Option C — External automation

Use n8n, Grafana OnCall, or similar: schedule → POST /api/pipeline/run → wait/poll → Telegram node.


5. Security notes

  • Do not commit .env or Telegram tokens.
  • Prefer Basic Auth if the instance is reachable from the internet.
  • Restrict firewall so only your IP (or VPN) can reach the published port if exposed.

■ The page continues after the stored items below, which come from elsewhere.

lemma rtrancl_from_sink: "r \<notin> Domain F \<Longrightarrow> (r, y) \<in> F\<^sup>* \<Longrightarrow> y = r"
  by (erule converse_rtranclE) auto

lemma single_valued_sink_unique:
  assumes "single_valued F" "(x, r) \<in> F\<^sup>*" "r \<notin> Domain F" "(x, s) \<in> F\<^sup>*" "s \<notin> Domain F"
  shows "r = s"
  using single_valued_confluent[OF assms(1,2,4)] rtrancl_from_sink assms(3,5) by metis

lemma sink_reachable_undirected:
  assumes "single_valued F" "(x, y) \<in> (F \<union> F\<inverse>)\<^sup>*" "(x, r) \<in> F\<^sup>*" "r \<notin> Domain F"
  shows "(y, r) \<in> F\<^sup>*"
  using assms(2)
proof (induction rule: rtrancl_induct)
  case base
  show ?case using assms(3) .
next
  case (step y z)
  show ?case
  proof (cases "(z, y) \<in> F")
    case True
    then show ?thesis using step.IH by (rule converse_rtrancl_into_rtrancl)
  next
    case False
    with step.hyps(2) have yz: "(y, z) \<in> F" by blast
    from step.IH show ?thesis
    proof (cases rule: converse_rtranclE)
      case base
      with yz assms(4) show ?thesis by auto
    next
      case (step z')
      with yz assms(1) show ?thesis by (auto dest: single_valuedD)
    qed
  qed
qed

lemma forest_root:
  assumes "rooted_forest F"
  shows "(x, forest_root F x) \<in> F\<^sup>*" and "forest_root F x \<notin> Domain F"
proof -
  have "\<exists>!r. (x, r) \<in> F\<^sup>* \<and> r \<notin> Domain F"
    using assms single_valued_sink_unique unfolding rooted_forest_def by metis
  then have "(x, forest_root F x) \<in> F\<^sup>* \<and> forest_root F x \<notin> Domain F"
    unfolding forest_root_def by (rule theI')
  then show "(x, forest_root F x) \<in> F\<^sup>*" and "forest_root F x \<notin> Domain F" by auto
qed

lemma forest_root_eqI:
  assumes "rooted_forest F" "(x, r) \<in> F\<^sup>*" "r \<notin> Domain F"
  shows "forest_root F x = r"
  using single_valued_sink_unique[OF rooted_forest_single_valued[OF assms(1)]
      forest_root[OF assms(1)] assms(2,3)] .

lemma forest_root_rtrancl_eq:
  assumes "rooted_forest F" "(x, y) \<in> F\<^sup>*"
  shows "forest_root F x = forest_root F y"
  using forest_root_eqI[OF assms(1) rtrancl_trans[OF assms(2)] forest_root(2)[OF assms(1)]]
    forest_root(1)[OF assms(1)] by blast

6. Git remotes (reference)

git remote -v
git push origin main    # or: git push gitea main — whatever you configured

  • Env knobs: PIPELINE_WEBHOOK_URL, WEBHOOK_SECRET, BASIC_AUTH_USER, BASIC_AUTH_PASSWORD in .env.example.
  • Local docs: npm run docs:dev from the repo root.

7. Proxmox: VM vs LXC, sizing, fast setup

VM or container (LXC)?

QEMU VM (recommended) LXC
Docker Works the same as on any Linux server. Possible with nesting=1 (and sometimes keyctl); more Proxmox/Docker footguns.
This app Playwright/Firefox + Node inside Docker — predictable. Same stack can work in nested Docker, but troubleshooting is harder.
Overhead Slightly higher RAM for a full kernel. Lower overhead per CT.

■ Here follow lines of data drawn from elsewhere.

(* For every $\epsilon>0$ there exists $n_0\ge1$ such that for every composition $\lambda$ of $n$ and every valley $v$ of $\lambda$ whose slope $\mathfrak{s}(v)=[a,b]$ satisfies $b-a\ge n_0$, $$(1-\epsilon)\frac{b-a}{n}\le\mathbb{P}_\lambda(1\in v)\le(1+\epsilon)\frac{b-a}{n}.$$
   Context: A composition $\lambda$ of $n$ is encoded by its descent set $D_\lambda\subset[1,n-1]$. A cell $i\in[1,n]$ is a peak if $i\in D_\lambda\cup\{n\}$ and $i-1\notin D_\lambda$, a valley if $i\notin D_\lambda$ and $i-1\in D_\lambda\cup\{0\}$. The slope $\mathfrak{s}(i)$ of a cell $i$ is the maximal integer subinterval of $[1,n]$ containing $i$ and no peak or valley other than $i$. $\mathbb{P}_\lambda(1\in v)$ is the probability that $\sigma(v)=1$ for $\sigma$ uniform on $\{\sigma\in\mathfrak{S}_n: des(\sigma)=D_\lambda\}$, $des(\sigma)=\{i:\sigma(i+1)<\sigma(i)\}$. *)

theory Defs
  imports Complex_Main "HOL-Combinatorics.Permutations"
begin

text \<open>A composition of n is encoded by its descent set D, a subset of {1..<n}.
  Cells are 1..n.\<close>

definition is_peak :: "nat \<Rightarrow> nat set \<Rightarrow> nat \<Rightarrow> bool" where
  "is_peak n D i \<longleftrightarrow> i \<in> {1..n} \<and> i \<in> D \<union> {n} \<and> (i - 1) \<notin> D"

definition is_valley :: "nat \<Rightarrow> nat set \<Rightarrow> nat \<Rightarrow> bool" where
  "is_valley n D i \<longleftrightarrow> i \<in> {1..n} \<and> i \<notin> D \<and> (i - 1) \<in> D \<union> {0}"

definition slope_cand :: "nat \<Rightarrow> nat set \<Rightarrow> nat \<Rightarrow> nat \<Rightarrow> nat \<Rightarrow> bool" where
  "slope_cand n D i a b \<longleftrightarrow> 1 \<le> a \<and> a \<le> i \<and> i \<le> b \<and> b \<le> n \<and>
     (\<forall>j\<in>{a..b}. (is_peak n D j \<or> is_valley n D j) \<longrightarrow> j = i)"

definition is_slope :: "nat \<Rightarrow> nat set \<Rightarrow> nat \<Rightarrow> nat \<Rightarrow> nat \<Rightarrow> bool" where
  "is_slope n D i a b \<longleftrightarrow> slope_cand n D i a b \<and>
     (\<forall>a' b'. slope_cand n D i a' b' \<longrightarrow> {a'..b'} \<subseteq> {a..b})"

definition des :: "nat \<Rightarrow> (nat \<Rightarrow> nat) \<Rightarrow> nat set" where
  "des n \<sigma> = {i \<in> {1..<n}. \<sigma> (Suc i) < \<sigma> i}"

definition perms_with_des :: "nat \<Rightarrow> nat set \<Rightarrow> (nat \<Rightarrow> nat) set" where
  "perms_with_des n D = {\<sigma>. \<sigma> permutes {1..n} \<and> des n \<sigma> = D}"

definition prob_one_at :: "nat \<Rightarrow> nat set \<Rightarrow> nat \<Rightarrow> real" where
  "prob_one_at n D v = real (card {\<sigma> \<in> perms_with_des n D. \<sigma> v = 1}) / real (card (perms_with_des n D))"

end

theory Submission
  imports Defs
begin

text \<open>Let \<open>B = perms_with_des_except n D v\<close> be the set of permutations whose descent set
  agrees with \<open>D\<close> at every position not adjacent to the valley \<open>v\<close>. Replacing the value \<open>\<sigma> v = 1\<close> by an arbitrary \<open>w \<in> [1,n]\<close> (and
  lowering the values \<open>2, \<dots>, w\<close> by one) is a bijection from \<open>{\<sigma>. des \<sigma> = D, \<sigma> v = 1} \<times> [1,n]\<close> onto \<open>B\<close>,
  so \<open>|B| = n \<cdot> |{\<sigma>. des \<sigma> = D, \<sigma> v = 1}|\<close>. On the other hand, moving the entry at a position
  \<open>j\<close> of the slope \<open>[a,b]\<close> to the valley (shifting the entries in between) maps
  \<open>{\<sigma>. des \<sigma> = D} \<times> [a,b]\<close> injectively into \<open>B\<close>, and every element of \<open>B\<close> arises in this way from
  some \<open>j \<in> [a-1,b+1]\<close>. Hence \<open>P\<^sub>\<lambda>(1 \<in> v)\<close> lies between \<open>(b-a+1)/n\<close> and \<open>(b-a+3)/n\<close>.\<close>

lemma lift_Suc_antimono_less_ivl:
  fixes f :: "nat \<Rightarrow> nat"
  assumes "\<And>i. i \<in> N \<Longrightarrow> f (Suc i) < f i" and "m < m'" and "{m..<m'} \<subseteq> N"
  shows "f m' < f m"
  using lift_Suc_mono_less_ivl[of N "\<lambda>i. - int (f i)"] assms by force

text \<open>\<open>\<sigma> \<circ> rot p j\<close> is \<open>\<sigma>\<close> with its entry at position \<open>j\<close> moved to position \<open>p\<close>, the entries
  in between shifted by one step towards \<open>j\<close>.\<close>

definition rot :: "nat \<Rightarrow> nat \<Rightarrow> nat \<Rightarrow> nat" where
  "rot p j i = (if i = p then j else if j \<le> i \<and> i < p then Suc i
     else if p < i \<and> i \<le> j then i - 1 else i)"

definition rot_inv :: "nat \<Rightarrow> nat \<Rightarrow> nat \<Rightarrow> nat" where
  "rot_inv p j i = (if i = j then p else if j < i \<and> i \<le> p then i - 1
     else if p \<le> i \<and> i < j then Suc i else i)"

lemma rot_inv_rot [simp]: "rot_inv p j (rot p j i) = i"
  unfolding rot_def rot_inv_def by auto

lemma rot_rot_inv [simp]: "rot p j (rot_inv p j i) = i"
  unfolding rot_def rot_inv_def by auto

lemma rot_self [simp]: "rot p p = id"
  unfolding rot_def by auto

lemma rot_inv_self [simp]: "rot_inv p p = id"
  unfolding rot_inv_def by auto

lemma rot_permutes:
  assumes "p \<in> {1..n}" "j \<in> {1..n}"
  shows "rot p j permutes {1..n}"
  unfolding permutes_def
proof (intro conjI allI impI)
  show "rot p j x = x" if "x \<notin> {1..n}" for x
    using that assms unfolding rot_def by auto
  show "\<exists>!x. rot p j x = y" for y
    by (rule ex1I[of _ "rot_inv p j y"]) (simp, metis rot_inv_rot)
qed

lemma rot_inv_permutes:
  assumes "p \<in> {1..n}" "j \<in> {1..n}"
  shows "rot_inv p j permutes {1..n}"
  unfolding permutes_def
proof (intro conjI allI impI)
  show "rot_inv p j x = x" if "x \<notin> {1..n}" for x
    using that assms unfolding rot_inv_def by auto
  show "\<exists>!x. rot_inv p j x = y" for y
    by (rule ex1I[of _ "rot p j y"]) (simp, metis rot_rot_inv)
qed

lemma rot_one_less_iff: "2 \<le> x \<Longrightarrow> 2 \<le> y \<Longrightarrow> rot 1 w x < rot 1 w y \<longleftrightarrow> x < y"
  unfolding rot_def by auto

lemma rot_inv_one_less_iff:
  "1 \<le> x \<Longrightarrow> 1 \<le> y \<Longrightarrow> x \<noteq> w \<Longrightarrow> y \<noteq> w \<Longrightarrow> rot_inv 1 w x < rot_inv 1 w y \<longleftrightarrow> x < y"
  unfolding rot_inv_def by auto

lemma perms_with_des_iff:
  assumes "D \<subseteq> {1..<n}"
  shows "\<sigma> \<in> perms_with_des n D \<longleftrightarrow>
    \<sigma> permutes {1..n} \<and> (\<forall>i. 1 \<le> i \<and> i < n \<longrightarrow> (\<sigma> (Suc i) < \<sigma> i \<longleftrightarrow> i \<in> D))"
proof -
  have "des n \<sigma> = D \<longleftrightarrow> (\<forall>i. 1 \<le> i \<and> i < n \<longrightarrow> (\<sigma> (Suc i) < \<sigma> i \<longleftrightarrow> i \<in> D))"
    unfolding des_def set_eq_iff using assms by auto
  thus ?thesis unfolding perms_with_des_def by auto
qed

lemma perms_with_desI:
  assumes "D \<subseteq> {1..<n}" "\<sigma> permutes {1..n}"
    and "\<And>i. 1 \<le> i \<Longrightarrow> i < n \<Longrightarrow> \<sigma> (Suc i) < \<sigma> i \<longleftrightarrow> i \<in> D"
  shows "\<sigma> \<in> perms_with_des n D"
  using assms perms_with_des_iff by blast

lemma perms_with_des_permutes: "\<sigma> \<in> perms_with_des n D \<Longrightarrow> \<sigma> permutes {1..n}"
  unfolding perms_with_des_def by auto

lemma perms_with_des_descent_iff:
  "\<sigma> \<in> perms_with_des n D \<Longrightarrow> 1 \<le> i \<Longrightarrow> i < n \<Longrightarrow> \<sigma> (Suc i) < \<sigma> i \<longleftrightarrow> i \<in> D"
  unfolding perms_with_des_def des_def by (simp add: set_eq_iff) blast

lemma perms_with_des_descent:
  "\<sigma> \<in> perms_with_des n D \<Longrightarrow> 1 \<le> i \<Longrightarrow> i < n \<Longrightarrow> i \<in> D \<Longrightarrow> \<sigma> (Suc i) < \<sigma> i"
  using perms_with_des_descent_iff by blast

lemma perms_with_des_ascent:
  assumes "\<sigma> \<in> perms_with_des n D" "1 \<le> i" "i < n" "i \<notin> D"
  shows "\<sigma> i < \<sigma> (Suc i)"
proof -
  have "\<sigma> i \<noteq> \<sigma> (Suc i)"
    using permutes_inj[OF perms_with_des_permutes[OF assms(1)]] by (metis injD n_not_Suc_n)
  moreover have "\<not> \<sigma> (Suc i) < \<sigma> i"
    using perms_with_des_descent_iff[OF assms(1-3)] assms(4) by blast
  ultimately show ?thesis by linarith
qed

lemma finite_perms_with_des: "finite (perms_with_des n D)"
  by (rule finite_subset[OF _ finite_permutations[of "{1..n}"]]) (auto simp: perms_with_des_def)

lemma perms_with_des_Suc_ascent:
  assumes \<sigma>: "\<sigma> \<in> perms_with_des n D" and D: "D \<subseteq> {1..<n}"
  shows "\<sigma> \<in> perms_with_des (Suc n) D"
proof (rule perms_with_desI)
  show "D \<subseteq> {1..<Suc n}" using D by auto
  show "\<sigma> permutes {1..Suc n}" using permutes_subset[OF perms_with_des_permutes[OF \<sigma>]] by auto
  fix i assume i: "1 \<le> i" "i < Suc n"
  show "\<sigma> (Suc i) < \<sigma> i \<longleftrightarrow> i \<in> D"
  proof (cases "i < n")
    case True
    thus ?thesis using perms_with_des_descent_iff[OF \<sigma>] i by blast
  next
    case False
    hence "i = n" using i by auto
    moreover have "\<sigma> n \<in> {1..n}"
      using permutes_in_image[OF perms_with_des_permutes[OF \<sigma>]] i \<open>i = n\<close> by auto
    moreover have "\<sigma> (Suc n) = Suc n" using perms_with_des_permutes[OF \<sigma>] unfolding permutes_def by auto
    ultimately show ?thesis using D by auto
  qed
qed

text \<open>Appending a descent: the new last entry is \<open>1\<close>, the old values are raised by one.\<close>

lemma perms_with_des_Suc_descent:
  assumes \<sigma>: "\<sigma> \<in> perms_with_des n D" and D: "D \<subseteq> {1..<n}" and n: "1 \<le> n"
  shows "rot (Suc n) 1 \<circ> \<sigma> \<in> perms_with_des (Suc n) (insert n D)"
proof (rule perms_with_desI)
  show "insert n D \<subseteq> {1..<Suc n}" using D n by auto
  have "rot (Suc n) 1 permutes {1..Suc n}" using n by (intro rot_permutes) auto
  moreover have "\<sigma> permutes {1..Suc n}"
    using permutes_subset[OF perms_with_des_permutes[OF \<sigma>]] by auto
  ultimately show "rot (Suc n) 1 \<circ> \<sigma> permutes {1..Suc n}" by (rule permutes_compose[rotated])
  have img: "\<sigma> x \<in> {1..n}" if "x \<in> {1..n}" for x
    using permutes_in_image[OF perms_with_des_permutes[OF \<sigma>]] that by auto
  have up: "rot (Suc n) 1 x = Suc x" if "x \<in> {1..n}" for x using that unfolding rot_def by auto
  fix i assume i: "1 \<le> i" "i < Suc n"
  show "(rot (Suc n) 1 \<circ> \<sigma>) (Suc i) < (rot (Suc n) 1 \<circ> \<sigma>) i \<longleftrightarrow> i \<in> insert n D"
  proof (cases "i < n")
    case True
    thus ?thesis using perms_with_des_descent_iff[OF \<sigma>] i up img[of i] img[of "Suc i"] by auto
  next
    case False
    hence "i = n" using i by auto
    moreover have "\<sigma> (Suc n) = Suc n" using perms_with_des_permutes[OF \<sigma>] unfolding permutes_def by auto
    moreover have "rot (Suc n) 1 (Suc n) = 1" unfolding rot_def by auto
    ultimately show ?thesis using up img[of n] n by auto
  qed
qed

lemma perms_with_des_nonempty: "D \<subseteq> {1..<n} \<Longrightarrow> perms_with_des n D \<noteq> {}"
proof (induction n arbitrary: D)
  case 0
  show ?case using perms_with_desI[OF "0.prems", of id] by (auto simp: permutes_id)
next
  case (Suc n)
  have D: "D - {n} \<subseteq> {1..<n}" using Suc.prems by auto
  then obtain \<sigma> where \<sigma>: "\<sigma> \<in> perms_with_des n (D - {n})" using Suc.IH by blast
  show ?case
  proof (cases "n \<in> D")
    case False
    thus ?thesis using perms_with_des_Suc_ascent[OF \<sigma> D] by auto
  next
    case True
    hence "insert n (D - {n}) = D" "1 \<le> n" using Suc.prems by auto
    thus ?thesis using perms_with_des_Suc_descent[OF \<sigma> D] by auto
  qed
qed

Choose a VM unless you already run Docker in LXC on this cluster and know the knobs. For speed and fewer surprises: Ubuntu 24.04 LTS cloud image, 24 vCPU, 48 GB RAM, ≥ 40 GB disk (Docker layers + ./data).

Rough sizing

  • Light personal use: 2 vCPU, 4 GB RAM, 40 GB disk — often enough.
  • Comfortable (pipelines + browsers + headroom): 4 vCPU, 68 GB RAM, 64 GB disk.
  • Tight: 2 GB RAM can work for idle UI only; scraping/LLM runs will swap or OOM — avoid.

Proxmox UI (once per guest)

  1. Create VM → ISO or cloud-init image (e.g. Ubuntu 24.04).
  2. Network: bridge (e.g. vmbr0) so the guest gets a LAN IP.
  3. Disk: virtio, discard on if SSD.
  4. CPU type: host if single-node and you want a tiny perf edge; kvm64 is fine.
  5. After install: Guest agent optional but handy for IP in Proxmox UI.

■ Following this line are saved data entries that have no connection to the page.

theorem lemma3p1:
  fixes \<zeta> :: "nat \<Rightarrow> nat list" and q :: nat and x :: "nat \<Rightarrow> nat"
  assumes "binary_subst \<zeta>"
    and "q \<ge> 2" and "const_length \<zeta> q"
    and "primitive_subst \<zeta>"
    and "aperiodic_subst \<zeta>"
    and "hd (\<zeta> 0) = 0"
    and "is_fixpoint_limit \<zeta> x"
  shows "\<exists>c0 c :: real. 0 < c0 \<and> c0 \<le> 1 \<and> 1 \<le> c \<and>
    (\<forall>l n. l \<ge> 1 \<longrightarrow> n \<ge> 2 \<longrightarrow> inner_lines x l \<inter> ({1..<n} \<times> {1..<n}) \<noteq> {} \<longrightarrow>
       c0 / real l ^ 2 \<le> line_density x l n \<and> line_density x l n \<le> c / real l ^ 2)"
proof -
  interpret primitive_fixpoint \<zeta> q x
    using assms by unfold_locales auto
  obtain C where lr: "linearly_recurrent x C"
    using fixpoint_linearly_recurrent by blast
  have aper: "\<not> shift_periodic x"
    using assms(5) by (rule fixpoint_not_periodic)
  define K where "K = 72 * real C ^ 2"
  define c where "c = real ((10 * C + 2) ^ 2)"
  have bounds: "1 / K / real l ^ 2 \<le> line_density x l n \<and> line_density x l n \<le> c / real l ^ 2"
    if l: "1 \<le> l" and n: "2 \<le> n" and ne: "inner_lines x l \<inter> ({1..<n} \<times> {1..<n}) \<noteq> {}"
    for l n
  proof -
    obtain i j where "(i, j) \<in> inner_lines x l \<inter> ({1..<n} \<times> {1..<n})"
      using ne by (metis equals0I surj_pair)
    then show ?thesis
      using line_density_bounds[OF lr aper l n] unfolding K_def c_def by blast
  qed
  have "1 \<le> real C"
    using linearly_recurrent_ge_1[OF lr] by simp
  then have "1 \<le> K"
    using one_le_power[of "real C" 2] unfolding K_def by linarith
  moreover have "1 \<le> c"
    unfolding c_def by simp
  ultimately show ?thesis
    using bounds by (intro exI[of _ "1 / K"] exI[of _ c]) simp
qed

end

One-shot shell setup (inside the Ubuntu VM)

Run as a user with sudo. Set REPO_URL to your Git remote (HTTPS or SSH). First build can take several minutes.

set -euo pipefail
REPO_URL="${REPO_URL:-https://github.com/YOUR_USER/Jobber.git}"  # change
APP_DIR="${APP_DIR:-$HOME/Jobber}"

sudo apt-get update
sudo apt-get install -y ca-certificates curl git

# Docker Engine + Compose plugin (official convenience script; review if you prefer manual repo install)
curl -fsSL https://get.docker.com | sudo sh
sudo usermod -aG docker "$USER"
# Log out and back in so `docker` works without sudo, or use `newgrp docker` for this session:
newgrp docker || true

git clone "$REPO_URL" "$APP_DIR"
cd "$APP_DIR"
cp .env.example .env
echo "Edit .env now (LLM keys, RXRESUME, etc.), then run: docker compose up -d --build"

Then edit .env, then:

cd "$APP_DIR"
docker compose up -d --build

Open http://<VM-IP>:3005. Persist backups of $APP_DIR/data and your .env.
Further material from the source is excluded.